Former Catholics are everywhere. This diaspora, in differing degrees detached from institutional Roman Catholicism, often takes shape in communities that still claim the name Catholic. Tom Roberts offers the first of a five-part series from NCR

Mainline clergy are more supportive than their congregants of LGBTQ rights, more likely to have opposed the overturn of Roe v. Wade and less likely to believe America is in danger of losing its culture and identity. A new survey of mainline clergy finds half of mainline pastors identify as Democrats, only 14 percent as Republicans: it is the inverse of evangelical clergy.

Martini Judaism: REM was right, on ‘losing my religion’

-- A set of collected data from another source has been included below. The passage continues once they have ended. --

theorem mainTheorem14:
  fixes succ prec :: "('k::field, 'n::finite) vect \<Rightarrow> ('k, 'n) vect \<Rightarrow> ('k, 'n) vect"
    and w :: "('k, 'n) vect \<Rightarrow> ('k, 'n) vect \<Rightarrow> 'k"
    and s :: "'n \<Rightarrow> 'n \<Rightarrow> 'k"
  assumes "anti_pre_Novikov succ prec"
    and "bilinear_form w"
    and "nondegenerate w"
    and "\<forall>\<zeta>. omega_sharp w (T_map s \<zeta>) = \<zeta>"
    and "\<forall>x. T_map s (omega_sharp w x) = x"
  shows "quadratic_apN succ prec w \<longleftrightarrow> symmetric_tensor s \<and> invariant_tensor succ prec s"
proof -
  interpret omega_inverse_tensor w s
    using assms(2,4,5) by unfold_locales
  have succ: "bilinear_op succ" and prec: "bilinear_op prec"
    using assms(1) by (simp_all add: anti_pre_Novikov_def)
  have circ: "linear_map (circ_op succ prec x)" "linear_map (\<lambda>y. circ_op succ prec y x)" for x
    unfolding circ_op_def
    by (intro linear_map_vadd bilinear_op_linear_left bilinear_op_linear_right succ prec)+
  have star: "linear_map (\<lambda>y. vadd (circ_op succ prec x y) (circ_op succ prec y x))"
    and odot: "linear_map (\<lambda>y. vadd (succ x y) (prec y x))" for x
    by (intro linear_map_vadd circ bilinear_op_linear_left bilinear_op_linear_right succ prec)+
  show ?thesis
  proof (cases "symmetric_form w")
    case True
    then have "symmetric_tensor s"
      using symmetric_form_iff_symmetric_tensor by blast
    then show ?thesis
      unfolding invariant_tensor_def quadratic_apN_iff_adjoint[OF assms(1-3) True]
      by (simp only: eq_commute[of "tensor_map id g s" "tensor_map f id s" for f g]
          tensor_map_eq_iff_adjoint bilinear_op_linear_right succ circ star odot simp_thms)
  next
    case False
    then show ?thesis
      using symmetric_form_iff_symmetric_tensor by (simp add: quadratic_apN_def)
  qed
qed

end
(* For every $\beta\in[\frac12,1)$ and every integer $k\ge2$, $$Q^{-1}(k,\beta)\le\frac{k}{k+1}\,Q^{-1}(k+1,\beta).$$
   Context: For an integer $k\ge1$ and $\lambda\ge0$, $Q(k,\lambda)=\Gamma(k,\lambda)/\Gamma(k)=\mathbb{P}(\operatorname{Poi}(\lambda)\le k-1)$ (regularized upper incomplete gamma function); $Q(k,\cdot)$ decreases strictly from $1$ to $0$, and for $\beta\in(0,1)$, $Q^{-1}(k,\beta)$ is the unique $\lambda>0$ with $Q(k,\lambda)=\beta$. *)

theory Defs
  imports "HOL-Analysis.Analysis"
begin

text \<open>Regularized upper incomplete gamma function for integer k \<ge> 1:
  Q(k, lambda) = P(Poi(lambda) \<le> k - 1).\<close>
definition Q :: "nat \<Rightarrow> real \<Rightarrow> real" where
  "Q k l = (\<Sum>j<k. exp (- l) * l ^ j / fact j)"

definition Q_inv :: "nat \<Rightarrow> real \<Rightarrow> real" where
  "Q_inv k b = (THE l. l > 0 \<and> Q k l = b)"

end

theory Submission
  imports Defs
begin

(* Write lambda = Q_inv k beta and mu = Q_inv (k + 1) beta. The median of Poi(k) is at least k,
   i.e. Q(k, k) <= 1/2 <= beta, hence lambda <= k. Since Q(k + 1, -) is decreasing, it suffices
   to show Q(k, lambda) <= Q(k + 1, y) for y = (k + 1) lambda / k. Now Q(k, lambda) - Q(k, y) is
   the integral over [lambda, y] of the Poisson weight e^-x x^(k-1) / (k-1)!, which for y <= k + 1
   is at most its value at y times e^(2 (y - x) / y). Integrating, and using the Pade bound
   e^(2/(k+1)) - 1 <= 2/k, bounds the difference by e^-y y^k / k! = Q(k + 1, y) - Q(k, y). *)

definition poi_pmf :: "nat \<Rightarrow> real \<Rightarrow> real" where
  "poi_pmf j l = exp (- l) * l ^ j / fact j"

lemma Q_eq_sum_poi_pmf: "Q k l = (\<Sum>j<k. poi_pmf j l)"
  by (simp add: Q_def poi_pmf_def)

lemma Q_Suc: "Q (Suc k) l = Q k l + poi_pmf k l"
  by (simp add: Q_eq_sum_poi_pmf)

lemma Q_0: "0 < k \<Longrightarrow> Q k 0 = 1"
  by (cases k) (simp_all add: Q_eq_sum_poi_pmf poi_pmf_def sum.lessThan_Suc_shift del: sum.lessThan_Suc)

lemma poi_pmf_pos: "0 < l \<Longrightarrow> 0 < poi_pmf j l"
  by (simp add: poi_pmf_def)

lemma poi_pmf_Suc: "poi_pmf (Suc j) l = l / real (Suc j) * poi_pmf j l"
  by (simp add: poi_pmf_def field_simps del: of_nat_Suc)

lemma has_real_derivative_poi_pmf_Suc:
  "(poi_pmf (Suc j) has_real_derivative poi_pmf j l - poi_pmf (Suc j) l) (at l)"
proof -
  have "((\<lambda>l. exp (- l) * l ^ Suc j) has_real_derivative
      exp (- l) * (real (Suc j) * l ^ j) - exp (- l) * l ^ Suc j) (at l)"
    by (rule derivative_eq_intros refl)+ (simp add: algebra_simps del: of_nat_Suc)
  from DERIV_cdivide [OF this, of "fact (Suc j)"] show ?thesis
    unfolding poi_pmf_def [abs_def] by (simp add: diff_divide_distrib del: of_nat_Suc)
qed

lemma has_real_derivative_Q_Suc: "(Q (Suc k) has_real_derivative - poi_pmf k l) (at l)"
proof (induction k)
  case 0
  show ?case
    by (simp add: Q_eq_sum_poi_pmf poi_pmf_def [abs_def]) (auto intro!: derivative_eq_intros)
next
  case (Suc k)
  have "((\<lambda>l. Q (Suc k) l + poi_pmf (Suc k) l) has_real_derivative
      - poi_pmf k l + (poi_pmf k l - poi_pmf (Suc k) l)) (at l)"
    by (intro DERIV_add Suc.IH has_real_derivative_poi_pmf_Suc)
  then show ?case
    by (simp add: Q_Suc [abs_def])
qed

lemma continuous_on_Q: "continuous_on S (Q k)"
  unfolding Q_def by (intro continuous_intros) auto

lemma Q_strict_antimono:
  assumes "0 < k" "0 \<le> x" "x < y"
  shows "Q k y < Q k x"
proof -
  obtain m where k: "k = Suc m"
    using assms(1) gr0_implies_Suc by blast
  obtain z where z: "x < z" "Q k y - Q k x = (y - x) * - poi_pmf m z"
    using MVT2 [OF assms(3), of "Q k" "\<lambda>l. - poi_pmf m l"] has_real_derivative_Q_Suc k by blast
  have "0 < poi_pmf m z"
    using z assms by (intro poi_pmf_pos) linarith
  then have "0 < (y - x) * poi_pmf m z"
    using assms by simp
  then show ?thesis
    using z by simp
qed

lemma Q_le_Q_iff:
  assumes "0 < k" "0 \<le> x" "0 \<le> y"
  shows "Q k x \<le> Q k y \<longleftrightarrow> y \<le> x"
  using Q_strict_antimono [OF assms(1)] assms(2,3) by (metis linorder_not_less order.order_iff_strict)

lemma sum_power_div_fact_le_exp:
  fixes x :: real
  assumes "0 \<le> x"
  shows "(\<Sum>n<N. x ^ n / fact n) \<le> exp x"
  using assms summable_exp_generic [of x]
  by (auto simp: exp_def divide_inverse ac_simps intro!: sum_le_suminf)

lemma poi_pmf_le:
  assumes "0 < l"
  shows "poi_pmf j l \<le> real (Suc j) / l"
proof -
  have "l ^ Suc j / fact (Suc j) \<le> (\<Sum>n<Suc (Suc j). l ^ n / fact n)"
    by (rule member_le_sum) (use assms in auto)
  also have "\<dots> \<le> exp l"
    using assms by (intro sum_power_div_fact_le_exp) simp
  finally have "l / real (Suc j) * (l ^ j / fact j) \<le> exp l"
    by (simp add: fact_Suc field_simps del: of_nat_Suc)
  then show ?thesis
    using assms by (simp add: poi_pmf_def exp_minus field_simps del: of_nat_Suc)
qed

lemma Q_le_square_div:
  assumes "0 < l"
  shows "Q k l \<le> real k ^ 2 / l"
proof -
  have "Q k l \<le> (\<Sum>j<k. real k / l)"
    unfolding Q_eq_sum_poi_pmf
  proof (rule sum_mono)
    fix j assume "j \<in> {..<k}"
    then have "real (Suc j) / l \<le> real k / l"
      using assms by (intro divide_right_mono) auto
    then show "poi_pmf j l \<le> real k / l"
      using poi_pmf_le [OF assms] order.trans by blast
  qed
  then show ?thesis
    by (simp add: power2_eq_square)
qed

lemma ex_Q_eq:
  assumes "0 < k" "0 < b" "b < 1"
  obtains x where "0 < x" "Q k x = b"
proof -
  define M where "M = real k ^ 2 / b + 1"
  have "0 < M"
    unfolding M_def using assms by (simp add: add_nonneg_pos)
  have "Q k M \<le> real k ^ 2 / M"
    using Q_le_square_div [OF \<open>0 < M\<close>] .
  also have "\<dots> \<le> b"
  proof -
    have "real k ^ 2 \<le> b * M"
      unfolding M_def using assms by (simp add: distrib_left)
    then show ?thesis
      using \<open>0 < M\<close> by (simp add: divide_le_eq mult.commute)
  qed
  finally have "Q k M \<le> b" .
  moreover have "b \<le> Q k 0"
    using Q_0 assms by simp
  ultimately obtain x where "0 \<le> x" "Q k x = b"
    using IVT2' [of "Q k" M b 0, OF _ _ _ continuous_on_Q] \<open>0 < M\<close> by auto
  moreover have "x \<noteq> 0"
    using Q_0 assms \<open>Q k x = b\<close> by auto
  ultimately show ?thesis
    using that [of x] by simp
qed

lemma Q_inv:
  assumes "0 < k" "0 < b" "b < 1"
  shows "0 < Q_inv k b" "Q k (Q_inv k b) = b"
proof -
  obtain x where x: "0 < x" "Q k x = b"
    using ex_Q_eq assms .
  have "Q_inv k b = x"
    unfolding Q_inv_def
  proof (rule the_equality)
    show "0 < x \<and> Q k x = b"
      using x by simp
    show "y = x" if "0 < y \<and> Q k y = b" for y
      using that x Q_le_Q_iff [OF assms(1), of x y] Q_le_Q_iff [OF assms(1), of y x] by auto
  qed
  then show "0 < Q_inv k b" "Q k (Q_inv k b) = b"
    using x by simp_all
qed
lemma generate_coset_pair_iff:
  assumes H: "subgroup H G" and g: "g \<in> carrier G"
  shows "generate (G Mod H) {H #> g} = carrier (G Mod H) \<longleftrightarrow>
    generate G (H \<union> (H #> g)) = carrier G"
proof -
  define f where "f = (\<lambda>a. H #> a)"
  define A where "A = H \<union> (H #> g)"
  have Hc: "H \<subseteq> carrier G" using subgroup.subset[OF H] .
  have Ac: "A \<subseteq> carrier G" unfolding A_def using Hc r_coset_subset_G[OF Hc g] by auto
  have hom: "group_hom G (G Mod H) f" unfolding f_def using Mod_hom[OF H] .
  have "f ` A = {H, H #> g}"
  proof -
    have "f h = H" if "h \<in> H" for h using subgroup.rcos_const[OF H is_group that] f_def by simp
    then have "f ` H = {H}" using subgroup.one_closed[OF H] by blast
    moreover have "f y = f g" if "y \<in> H #> g" for y using repr_independence[OF that g H] f_def by simp
    then have "f ` (H #> g) = {H #> g}" using rcos_self[OF g H] f_def by blast
    ultimately show ?thesis unfolding A_def image_Un by (simp add: insert_commute)
  qed
  have grp: "group (G Mod H)" using group_hom.axioms(2)[OF hom] .
  have "H #> g \<in> carrier (G Mod H)" using g unfolding carrier_FactGroup by blast
  then have "generate (G Mod H) {H, H #> g} = generate (G Mod H) {H #> g}"
    using group.generate_insert_one[OF grp, of "{H #> g}"] by simp
  then have img: "generate (G Mod H) {H #> g} = f ` generate G A"
    using group_hom.generate_img[OF hom Ac] \<open>f ` A = {H, H #> g}\<close> by simp
  have "carrier G \<subseteq> generate G A" if onto: "f ` generate G A = f ` carrier G"
  proof
    fix x assume x: "x \<in> carrier G"
    then obtain y where y: "y \<in> generate G A" "H #> x = H #> y"
      using onto unfolding f_def by (metis imageE imageI)
    then have "x \<in> H #> y" using rcos_self[OF x H] by simp
    then obtain h where "h \<in> H" "x = h \<otimes> y" unfolding r_coset_def by blast
    then show "x \<in> generate G A"
      using generate.eng[OF generate.incl y(1)] unfolding A_def by auto
  qed
  moreover have "carrier (G Mod H) = f ` carrier G" unfolding f_def by (rule carrier_FactGroup)
  ultimately show ?thesis
    using img generate_incl[OF Ac] unfolding A_def[symmetric] by (metis subset_antisym)
qed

Has religion failed us, or have we failed religion? A century old book contains an answer to our spiritual emptiness. Rabbi Jeffrey Salkin takes Martin Buber’s book to heart. (Martini Judaism is for those who want to be shaken and stirred.)

Jesuit reparations

The Jesuit slavery descendants foundation announces $27M in new donations. Criticism has emerged, however, from some descendants of the Maryland Jesuits’ slaveholding—and an infamous 1838 sale to save Georgetown University.

Also in the news . . .

Canada has expelled an Indian diplomat as it investigates India’s possible link to the killing of a Sikh activist. Two years after the Taliban banned girls from school beyond sixth grade the rights of Afghan women and children are on the agenda of the United Nations General Assembly Monday in New York. Men incarcerated at Louisiana State Penitentiary filed a class-action lawsuit Saturday, describing work in 100 degree heat and the conditions as cruel, degrading and often dangerous.

Research and Surveys

The American family has undergone significant change in recent decades. There is no longer one predominant family form, and Americans are experiencing family life in increasingly diverse ways.

Across South and Southeast Asia, countries have very different religious makeups, yet there are commonalities in how they practice and think about religion, according to a new Pew Research report.

Reviews

We are made for relationship. We are born into relationships. We seek relationships and struggle with relationships. And it’s this relational web that shines in the exceptional, observant, and sometimes bawdy HBO dramedy Somebody, Somewhere. A review in U.S. Catholic says The HBO dramedy is an ode to the complexity of what it means to be church to one another.

The oldest Black Catholic Church in Atlanta is “in the shadow of Ebenezer” – associated with Dr. Martin Luther King Jr. Christopher Gurley Jr. reviews a striking historical monograph from Dr. Leah Mickens, the winner of the inaugural Cyprian Davis, OSB, Prize in 2021.

Viewpoints

What kind of people are we? “I had begun, instead, to wonder about something far more worrisome than one man prowling the world’s political stage for the sake of his own self-aggrandizement — strutting to identify himself with one class and smirking to reject another. No, now I found myself wondering what kind of people we were who would simply accept it all.” Benedictine Sister of Erie, Pennsylvania, Joan Chittister ponders politics and the population.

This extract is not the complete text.